> **Instructions for the task**: Using the records below, find every line that includes "circulation" and copy it.

Stored records
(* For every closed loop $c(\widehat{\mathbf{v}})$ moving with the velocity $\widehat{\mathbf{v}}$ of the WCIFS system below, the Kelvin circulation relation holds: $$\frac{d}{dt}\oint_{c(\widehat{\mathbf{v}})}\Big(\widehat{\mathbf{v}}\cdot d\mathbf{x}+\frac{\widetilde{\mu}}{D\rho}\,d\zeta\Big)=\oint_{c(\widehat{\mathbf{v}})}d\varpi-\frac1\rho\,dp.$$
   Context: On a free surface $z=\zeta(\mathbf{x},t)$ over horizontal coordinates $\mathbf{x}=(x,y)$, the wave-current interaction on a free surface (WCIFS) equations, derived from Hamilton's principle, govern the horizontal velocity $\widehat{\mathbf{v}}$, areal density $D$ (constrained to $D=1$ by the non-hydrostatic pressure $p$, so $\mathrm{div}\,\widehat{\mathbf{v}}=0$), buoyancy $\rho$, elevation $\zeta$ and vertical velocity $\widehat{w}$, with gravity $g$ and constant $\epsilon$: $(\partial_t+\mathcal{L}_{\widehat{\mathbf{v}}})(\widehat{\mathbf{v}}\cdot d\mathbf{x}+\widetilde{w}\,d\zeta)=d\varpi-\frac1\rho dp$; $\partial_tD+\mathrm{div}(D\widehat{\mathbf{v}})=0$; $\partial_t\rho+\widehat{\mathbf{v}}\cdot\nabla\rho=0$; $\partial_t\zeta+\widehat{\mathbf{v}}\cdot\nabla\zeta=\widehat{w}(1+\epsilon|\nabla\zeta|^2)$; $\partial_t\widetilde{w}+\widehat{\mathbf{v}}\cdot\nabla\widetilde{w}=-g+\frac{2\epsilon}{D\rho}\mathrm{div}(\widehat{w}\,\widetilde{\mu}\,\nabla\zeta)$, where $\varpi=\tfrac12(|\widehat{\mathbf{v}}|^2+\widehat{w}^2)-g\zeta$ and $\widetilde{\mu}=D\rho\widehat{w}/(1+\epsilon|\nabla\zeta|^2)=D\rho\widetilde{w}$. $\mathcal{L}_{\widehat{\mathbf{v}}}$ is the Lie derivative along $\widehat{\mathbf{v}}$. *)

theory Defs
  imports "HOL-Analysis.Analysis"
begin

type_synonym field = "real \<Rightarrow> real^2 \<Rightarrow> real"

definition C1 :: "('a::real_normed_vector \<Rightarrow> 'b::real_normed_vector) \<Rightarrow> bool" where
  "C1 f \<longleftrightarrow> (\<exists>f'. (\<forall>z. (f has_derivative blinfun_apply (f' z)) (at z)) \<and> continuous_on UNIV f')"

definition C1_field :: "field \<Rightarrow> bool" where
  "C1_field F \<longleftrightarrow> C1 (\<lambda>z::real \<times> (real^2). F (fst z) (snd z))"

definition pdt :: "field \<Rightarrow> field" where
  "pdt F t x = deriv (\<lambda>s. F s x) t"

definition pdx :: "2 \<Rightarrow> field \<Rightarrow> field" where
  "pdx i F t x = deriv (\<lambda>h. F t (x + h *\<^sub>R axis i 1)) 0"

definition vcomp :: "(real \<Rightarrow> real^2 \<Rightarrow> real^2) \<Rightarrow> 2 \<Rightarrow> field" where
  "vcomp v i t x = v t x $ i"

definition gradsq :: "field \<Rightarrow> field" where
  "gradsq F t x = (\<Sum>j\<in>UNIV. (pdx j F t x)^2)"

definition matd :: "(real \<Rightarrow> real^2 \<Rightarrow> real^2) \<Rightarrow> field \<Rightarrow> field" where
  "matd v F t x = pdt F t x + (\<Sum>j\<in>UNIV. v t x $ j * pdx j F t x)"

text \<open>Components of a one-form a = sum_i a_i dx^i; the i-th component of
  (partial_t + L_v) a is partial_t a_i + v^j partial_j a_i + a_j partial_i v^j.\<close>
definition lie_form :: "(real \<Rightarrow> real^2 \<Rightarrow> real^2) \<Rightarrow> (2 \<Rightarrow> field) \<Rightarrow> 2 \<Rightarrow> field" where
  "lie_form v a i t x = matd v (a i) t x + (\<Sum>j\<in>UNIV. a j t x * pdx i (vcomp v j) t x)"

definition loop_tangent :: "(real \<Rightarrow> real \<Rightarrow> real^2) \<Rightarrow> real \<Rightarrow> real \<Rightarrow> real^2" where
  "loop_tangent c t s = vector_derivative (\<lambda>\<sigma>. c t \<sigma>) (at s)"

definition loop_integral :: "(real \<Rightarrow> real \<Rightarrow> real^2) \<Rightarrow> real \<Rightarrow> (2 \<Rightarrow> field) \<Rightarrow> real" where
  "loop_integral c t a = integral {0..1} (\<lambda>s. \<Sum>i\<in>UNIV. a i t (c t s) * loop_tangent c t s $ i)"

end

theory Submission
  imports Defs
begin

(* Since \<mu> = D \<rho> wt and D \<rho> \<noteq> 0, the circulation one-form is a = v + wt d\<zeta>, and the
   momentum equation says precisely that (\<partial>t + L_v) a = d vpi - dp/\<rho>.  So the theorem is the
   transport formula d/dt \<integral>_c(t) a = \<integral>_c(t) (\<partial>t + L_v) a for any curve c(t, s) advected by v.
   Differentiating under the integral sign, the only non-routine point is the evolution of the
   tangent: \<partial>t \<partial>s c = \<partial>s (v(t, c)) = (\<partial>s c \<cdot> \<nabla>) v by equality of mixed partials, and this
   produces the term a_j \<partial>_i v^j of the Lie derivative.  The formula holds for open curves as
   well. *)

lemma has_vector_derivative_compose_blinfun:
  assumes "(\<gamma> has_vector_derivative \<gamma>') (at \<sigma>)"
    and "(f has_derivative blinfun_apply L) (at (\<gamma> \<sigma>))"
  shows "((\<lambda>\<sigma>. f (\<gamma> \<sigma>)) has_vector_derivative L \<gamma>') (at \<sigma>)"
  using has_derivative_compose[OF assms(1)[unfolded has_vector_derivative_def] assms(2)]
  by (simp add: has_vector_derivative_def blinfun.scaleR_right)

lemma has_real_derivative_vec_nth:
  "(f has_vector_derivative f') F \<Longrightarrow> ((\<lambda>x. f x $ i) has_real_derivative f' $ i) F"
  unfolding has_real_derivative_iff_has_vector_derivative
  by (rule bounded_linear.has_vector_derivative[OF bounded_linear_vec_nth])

> **Solution to the exercise**:
(* For every closed loop $c(\widehat{\mathbf{v}})$ moving with the velocity $\widehat{\mathbf{v}}$ of the WCIFS system below, the Kelvin circulation relation holds: $$\frac{d}{dt}\oint_{c(\widehat{\mathbf{v}})}\Big(\widehat{\mathbf{v}}\cdot d\mathbf{x}+\frac{\widetilde{\mu}}{D\rho}\,d\zeta\Big)=\oint_{c(\widehat{\mathbf{v}})}d\varpi-\frac1\rho\,dp.$$
(* Since \<mu> = D \<rho> wt and D \<rho> \<noteq> 0, the circulation one-form is a = v + wt d\<zeta>, and the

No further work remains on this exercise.